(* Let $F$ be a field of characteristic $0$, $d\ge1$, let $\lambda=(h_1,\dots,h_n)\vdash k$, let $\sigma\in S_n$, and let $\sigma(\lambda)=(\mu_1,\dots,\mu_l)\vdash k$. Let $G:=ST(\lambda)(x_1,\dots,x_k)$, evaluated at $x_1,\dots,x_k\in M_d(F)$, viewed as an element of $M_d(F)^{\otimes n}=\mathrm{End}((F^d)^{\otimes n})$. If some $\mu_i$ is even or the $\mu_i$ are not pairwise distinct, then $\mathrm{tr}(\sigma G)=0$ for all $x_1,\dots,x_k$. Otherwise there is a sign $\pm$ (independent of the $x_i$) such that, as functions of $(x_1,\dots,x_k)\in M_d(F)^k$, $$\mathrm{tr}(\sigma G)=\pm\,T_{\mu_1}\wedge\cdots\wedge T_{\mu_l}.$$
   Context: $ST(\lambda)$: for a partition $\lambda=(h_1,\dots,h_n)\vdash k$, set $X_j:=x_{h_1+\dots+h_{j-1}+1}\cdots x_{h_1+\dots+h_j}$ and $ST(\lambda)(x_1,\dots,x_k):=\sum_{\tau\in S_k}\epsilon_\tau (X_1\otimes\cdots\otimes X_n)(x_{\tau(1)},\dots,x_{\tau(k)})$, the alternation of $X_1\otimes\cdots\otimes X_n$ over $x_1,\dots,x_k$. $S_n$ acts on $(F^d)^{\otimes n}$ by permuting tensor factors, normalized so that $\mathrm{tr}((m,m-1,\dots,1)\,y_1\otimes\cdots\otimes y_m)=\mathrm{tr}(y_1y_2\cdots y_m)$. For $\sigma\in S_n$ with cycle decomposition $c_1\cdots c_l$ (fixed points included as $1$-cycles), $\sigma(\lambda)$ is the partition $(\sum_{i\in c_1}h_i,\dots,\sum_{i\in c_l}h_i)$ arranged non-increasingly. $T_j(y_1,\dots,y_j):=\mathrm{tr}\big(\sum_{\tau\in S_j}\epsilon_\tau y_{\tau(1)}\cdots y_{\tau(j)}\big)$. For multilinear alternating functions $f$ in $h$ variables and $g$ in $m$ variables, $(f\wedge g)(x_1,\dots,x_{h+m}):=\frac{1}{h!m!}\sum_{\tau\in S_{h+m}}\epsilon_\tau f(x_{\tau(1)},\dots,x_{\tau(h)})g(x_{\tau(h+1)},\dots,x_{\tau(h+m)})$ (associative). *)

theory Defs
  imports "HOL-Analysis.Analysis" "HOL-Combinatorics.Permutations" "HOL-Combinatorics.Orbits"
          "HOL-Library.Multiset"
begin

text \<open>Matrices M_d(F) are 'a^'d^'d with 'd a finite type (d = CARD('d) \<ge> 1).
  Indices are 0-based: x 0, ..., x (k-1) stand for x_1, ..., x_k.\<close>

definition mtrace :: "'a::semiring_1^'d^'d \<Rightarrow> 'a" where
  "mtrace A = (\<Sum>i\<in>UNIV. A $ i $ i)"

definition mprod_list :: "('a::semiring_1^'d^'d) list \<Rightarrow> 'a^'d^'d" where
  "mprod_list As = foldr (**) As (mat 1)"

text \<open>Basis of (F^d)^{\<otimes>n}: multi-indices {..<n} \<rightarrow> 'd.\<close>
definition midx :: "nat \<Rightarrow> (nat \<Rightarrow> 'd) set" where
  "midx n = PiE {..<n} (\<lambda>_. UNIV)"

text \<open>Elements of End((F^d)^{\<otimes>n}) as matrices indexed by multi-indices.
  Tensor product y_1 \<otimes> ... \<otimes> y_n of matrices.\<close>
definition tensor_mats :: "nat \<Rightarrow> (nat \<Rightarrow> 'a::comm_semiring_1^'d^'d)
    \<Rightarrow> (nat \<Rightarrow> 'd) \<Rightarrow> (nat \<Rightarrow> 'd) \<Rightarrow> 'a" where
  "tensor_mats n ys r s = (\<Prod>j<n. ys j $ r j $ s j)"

========================================================================

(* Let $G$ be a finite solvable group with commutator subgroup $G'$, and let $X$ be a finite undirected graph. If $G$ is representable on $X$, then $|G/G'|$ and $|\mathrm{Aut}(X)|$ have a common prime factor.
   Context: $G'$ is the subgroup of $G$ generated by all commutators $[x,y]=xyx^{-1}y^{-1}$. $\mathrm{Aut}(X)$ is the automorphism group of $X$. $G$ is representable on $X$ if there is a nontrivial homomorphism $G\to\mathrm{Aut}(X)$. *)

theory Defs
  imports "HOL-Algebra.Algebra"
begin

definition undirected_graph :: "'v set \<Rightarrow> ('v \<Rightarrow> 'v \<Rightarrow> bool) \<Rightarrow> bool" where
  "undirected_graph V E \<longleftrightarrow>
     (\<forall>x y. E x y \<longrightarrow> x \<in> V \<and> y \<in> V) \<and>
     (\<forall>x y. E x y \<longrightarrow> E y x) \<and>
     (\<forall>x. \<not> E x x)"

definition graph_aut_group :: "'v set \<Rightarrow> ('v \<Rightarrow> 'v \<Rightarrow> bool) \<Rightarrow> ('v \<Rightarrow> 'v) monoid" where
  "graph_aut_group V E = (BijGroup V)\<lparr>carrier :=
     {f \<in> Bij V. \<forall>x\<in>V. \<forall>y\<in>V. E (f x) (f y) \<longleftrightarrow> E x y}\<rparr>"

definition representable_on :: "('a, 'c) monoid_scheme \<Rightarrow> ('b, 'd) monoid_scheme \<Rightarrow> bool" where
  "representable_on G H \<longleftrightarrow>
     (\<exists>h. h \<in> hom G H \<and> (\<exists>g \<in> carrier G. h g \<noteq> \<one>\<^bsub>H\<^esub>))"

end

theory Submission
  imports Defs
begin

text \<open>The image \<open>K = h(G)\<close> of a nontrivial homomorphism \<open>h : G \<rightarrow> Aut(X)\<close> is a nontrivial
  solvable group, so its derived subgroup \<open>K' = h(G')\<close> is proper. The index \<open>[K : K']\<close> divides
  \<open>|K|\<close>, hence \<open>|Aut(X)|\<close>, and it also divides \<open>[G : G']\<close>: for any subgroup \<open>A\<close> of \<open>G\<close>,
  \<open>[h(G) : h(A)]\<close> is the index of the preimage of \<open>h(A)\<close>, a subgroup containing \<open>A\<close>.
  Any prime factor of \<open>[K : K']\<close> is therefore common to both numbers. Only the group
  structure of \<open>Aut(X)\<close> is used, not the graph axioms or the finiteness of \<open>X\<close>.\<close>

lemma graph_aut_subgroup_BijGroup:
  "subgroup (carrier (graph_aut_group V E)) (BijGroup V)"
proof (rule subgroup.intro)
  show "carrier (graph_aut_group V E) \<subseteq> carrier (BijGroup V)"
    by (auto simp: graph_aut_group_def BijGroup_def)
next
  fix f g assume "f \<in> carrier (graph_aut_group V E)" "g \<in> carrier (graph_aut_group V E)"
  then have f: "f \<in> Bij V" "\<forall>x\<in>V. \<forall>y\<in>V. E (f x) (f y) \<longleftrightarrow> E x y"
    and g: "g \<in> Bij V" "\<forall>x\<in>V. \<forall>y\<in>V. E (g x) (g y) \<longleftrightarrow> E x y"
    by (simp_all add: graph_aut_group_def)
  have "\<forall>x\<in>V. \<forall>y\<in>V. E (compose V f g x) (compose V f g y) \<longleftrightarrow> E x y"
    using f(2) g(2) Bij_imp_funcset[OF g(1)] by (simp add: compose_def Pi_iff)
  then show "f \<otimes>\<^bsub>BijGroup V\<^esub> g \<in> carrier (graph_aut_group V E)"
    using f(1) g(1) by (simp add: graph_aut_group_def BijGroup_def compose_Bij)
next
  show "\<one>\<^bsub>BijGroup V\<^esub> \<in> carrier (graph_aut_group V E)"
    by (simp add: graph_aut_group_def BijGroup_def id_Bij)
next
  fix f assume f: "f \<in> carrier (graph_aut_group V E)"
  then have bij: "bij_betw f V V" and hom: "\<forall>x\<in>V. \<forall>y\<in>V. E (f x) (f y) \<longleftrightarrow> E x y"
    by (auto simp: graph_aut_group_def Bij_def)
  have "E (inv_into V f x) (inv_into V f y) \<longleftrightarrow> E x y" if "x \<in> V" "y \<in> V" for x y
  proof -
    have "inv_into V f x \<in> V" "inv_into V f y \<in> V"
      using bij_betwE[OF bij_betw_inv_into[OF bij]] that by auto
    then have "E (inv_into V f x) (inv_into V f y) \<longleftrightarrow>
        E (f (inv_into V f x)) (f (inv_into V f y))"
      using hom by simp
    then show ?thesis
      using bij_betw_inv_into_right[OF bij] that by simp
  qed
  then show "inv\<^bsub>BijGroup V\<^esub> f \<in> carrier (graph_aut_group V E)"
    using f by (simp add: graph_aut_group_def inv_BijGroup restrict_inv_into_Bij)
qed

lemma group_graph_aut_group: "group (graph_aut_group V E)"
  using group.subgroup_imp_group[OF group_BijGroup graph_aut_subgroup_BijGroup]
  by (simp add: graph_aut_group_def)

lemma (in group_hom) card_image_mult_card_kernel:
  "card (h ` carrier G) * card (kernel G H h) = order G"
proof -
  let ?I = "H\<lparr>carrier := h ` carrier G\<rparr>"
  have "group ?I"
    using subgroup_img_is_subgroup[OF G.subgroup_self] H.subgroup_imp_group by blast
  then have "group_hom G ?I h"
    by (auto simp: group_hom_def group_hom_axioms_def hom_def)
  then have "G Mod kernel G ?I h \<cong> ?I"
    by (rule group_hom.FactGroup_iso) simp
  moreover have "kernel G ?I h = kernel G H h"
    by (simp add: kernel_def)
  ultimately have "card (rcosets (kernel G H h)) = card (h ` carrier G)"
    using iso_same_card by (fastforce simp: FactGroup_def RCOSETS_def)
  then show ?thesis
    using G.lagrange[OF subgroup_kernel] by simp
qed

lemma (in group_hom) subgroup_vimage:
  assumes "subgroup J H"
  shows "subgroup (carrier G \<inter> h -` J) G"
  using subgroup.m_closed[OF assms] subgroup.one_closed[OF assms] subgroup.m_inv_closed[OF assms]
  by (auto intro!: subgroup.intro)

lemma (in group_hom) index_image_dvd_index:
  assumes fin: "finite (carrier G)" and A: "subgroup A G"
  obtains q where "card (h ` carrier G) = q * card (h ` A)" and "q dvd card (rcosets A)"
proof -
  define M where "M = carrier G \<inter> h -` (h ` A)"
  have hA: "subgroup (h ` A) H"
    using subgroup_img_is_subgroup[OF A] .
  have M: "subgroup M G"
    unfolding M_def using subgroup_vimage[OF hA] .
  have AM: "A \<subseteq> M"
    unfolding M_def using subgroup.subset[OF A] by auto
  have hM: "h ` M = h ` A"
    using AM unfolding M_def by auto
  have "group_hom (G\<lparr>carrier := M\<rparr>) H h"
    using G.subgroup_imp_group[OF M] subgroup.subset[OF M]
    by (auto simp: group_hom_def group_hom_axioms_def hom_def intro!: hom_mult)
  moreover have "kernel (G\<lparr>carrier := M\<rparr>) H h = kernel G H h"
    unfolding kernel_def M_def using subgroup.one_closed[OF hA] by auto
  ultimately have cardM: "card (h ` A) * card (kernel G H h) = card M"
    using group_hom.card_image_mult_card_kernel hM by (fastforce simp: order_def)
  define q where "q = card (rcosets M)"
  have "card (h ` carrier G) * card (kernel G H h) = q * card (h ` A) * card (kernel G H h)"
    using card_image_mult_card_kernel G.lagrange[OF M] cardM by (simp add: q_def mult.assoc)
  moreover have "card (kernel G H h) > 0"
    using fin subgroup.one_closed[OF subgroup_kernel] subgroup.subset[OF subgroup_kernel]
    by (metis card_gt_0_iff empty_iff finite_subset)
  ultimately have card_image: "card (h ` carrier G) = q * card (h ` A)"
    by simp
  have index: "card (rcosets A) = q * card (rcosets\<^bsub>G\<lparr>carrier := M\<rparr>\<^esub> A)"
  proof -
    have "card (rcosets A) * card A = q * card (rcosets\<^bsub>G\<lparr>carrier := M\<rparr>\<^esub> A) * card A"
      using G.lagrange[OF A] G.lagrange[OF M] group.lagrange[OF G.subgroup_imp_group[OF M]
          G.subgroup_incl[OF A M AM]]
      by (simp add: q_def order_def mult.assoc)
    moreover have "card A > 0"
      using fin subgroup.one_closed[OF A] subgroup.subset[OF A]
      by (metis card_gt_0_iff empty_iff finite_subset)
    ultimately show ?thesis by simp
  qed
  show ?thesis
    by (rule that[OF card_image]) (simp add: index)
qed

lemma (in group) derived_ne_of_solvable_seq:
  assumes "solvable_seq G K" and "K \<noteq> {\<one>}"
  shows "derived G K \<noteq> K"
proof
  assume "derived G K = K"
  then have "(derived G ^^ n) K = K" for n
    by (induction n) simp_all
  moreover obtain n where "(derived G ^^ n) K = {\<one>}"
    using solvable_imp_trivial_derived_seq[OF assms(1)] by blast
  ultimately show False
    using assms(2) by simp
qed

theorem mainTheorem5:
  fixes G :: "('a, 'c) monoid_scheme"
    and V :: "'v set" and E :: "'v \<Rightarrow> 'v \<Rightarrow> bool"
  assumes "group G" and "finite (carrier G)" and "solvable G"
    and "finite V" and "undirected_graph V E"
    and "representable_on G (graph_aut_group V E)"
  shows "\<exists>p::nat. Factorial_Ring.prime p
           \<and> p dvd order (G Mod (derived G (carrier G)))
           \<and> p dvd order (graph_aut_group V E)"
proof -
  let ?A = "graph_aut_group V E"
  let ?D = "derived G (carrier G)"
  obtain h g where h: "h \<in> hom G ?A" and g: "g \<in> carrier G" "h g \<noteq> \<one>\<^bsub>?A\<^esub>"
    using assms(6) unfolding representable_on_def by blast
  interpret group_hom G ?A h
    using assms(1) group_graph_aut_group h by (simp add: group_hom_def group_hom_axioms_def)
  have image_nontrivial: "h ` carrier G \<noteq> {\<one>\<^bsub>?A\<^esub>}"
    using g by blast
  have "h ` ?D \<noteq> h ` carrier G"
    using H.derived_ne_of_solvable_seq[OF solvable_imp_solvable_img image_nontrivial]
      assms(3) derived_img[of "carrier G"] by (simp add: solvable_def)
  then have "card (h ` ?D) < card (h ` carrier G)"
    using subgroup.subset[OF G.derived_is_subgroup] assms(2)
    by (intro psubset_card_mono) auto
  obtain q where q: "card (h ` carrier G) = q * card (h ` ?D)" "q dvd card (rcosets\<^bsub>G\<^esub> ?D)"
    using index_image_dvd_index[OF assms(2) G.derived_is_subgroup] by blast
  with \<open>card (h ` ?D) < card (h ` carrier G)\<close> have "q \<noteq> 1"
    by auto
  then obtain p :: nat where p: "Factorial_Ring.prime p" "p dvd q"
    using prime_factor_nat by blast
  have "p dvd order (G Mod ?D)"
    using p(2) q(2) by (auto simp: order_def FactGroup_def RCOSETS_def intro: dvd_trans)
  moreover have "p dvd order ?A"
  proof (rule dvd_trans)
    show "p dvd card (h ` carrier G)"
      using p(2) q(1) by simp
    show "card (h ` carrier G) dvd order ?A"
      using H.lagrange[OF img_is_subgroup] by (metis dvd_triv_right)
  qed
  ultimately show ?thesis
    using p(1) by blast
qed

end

========================================================================

### TASK:
Using only the listing above, restate exactly the lines from the line containing "using H.derived_ne_of_solvable_seq[OF solvable_imp_solvable_img" through the line containing "obtain q where", both included.

### YOUR SOLUTION:
    using H.derived_ne_of_solvable_seq[OF solvable_imp_solvable_img image_nontrivial]
      assms(3) derived_img[of "carrier G"] by (simp add: solvable_def)
  then have "card (h ` ?D) < card (h ` carrier G)"
    using subgroup.subset[OF G.derived_is_subgroup] assms(2)
    by (intro psubset_card_mono) auto
  obtain q where q: "card (h ` carrier G) = q * card (h ` ?D)" "q dvd card (rcosets\<^bsub>G\<^esub> ?D)"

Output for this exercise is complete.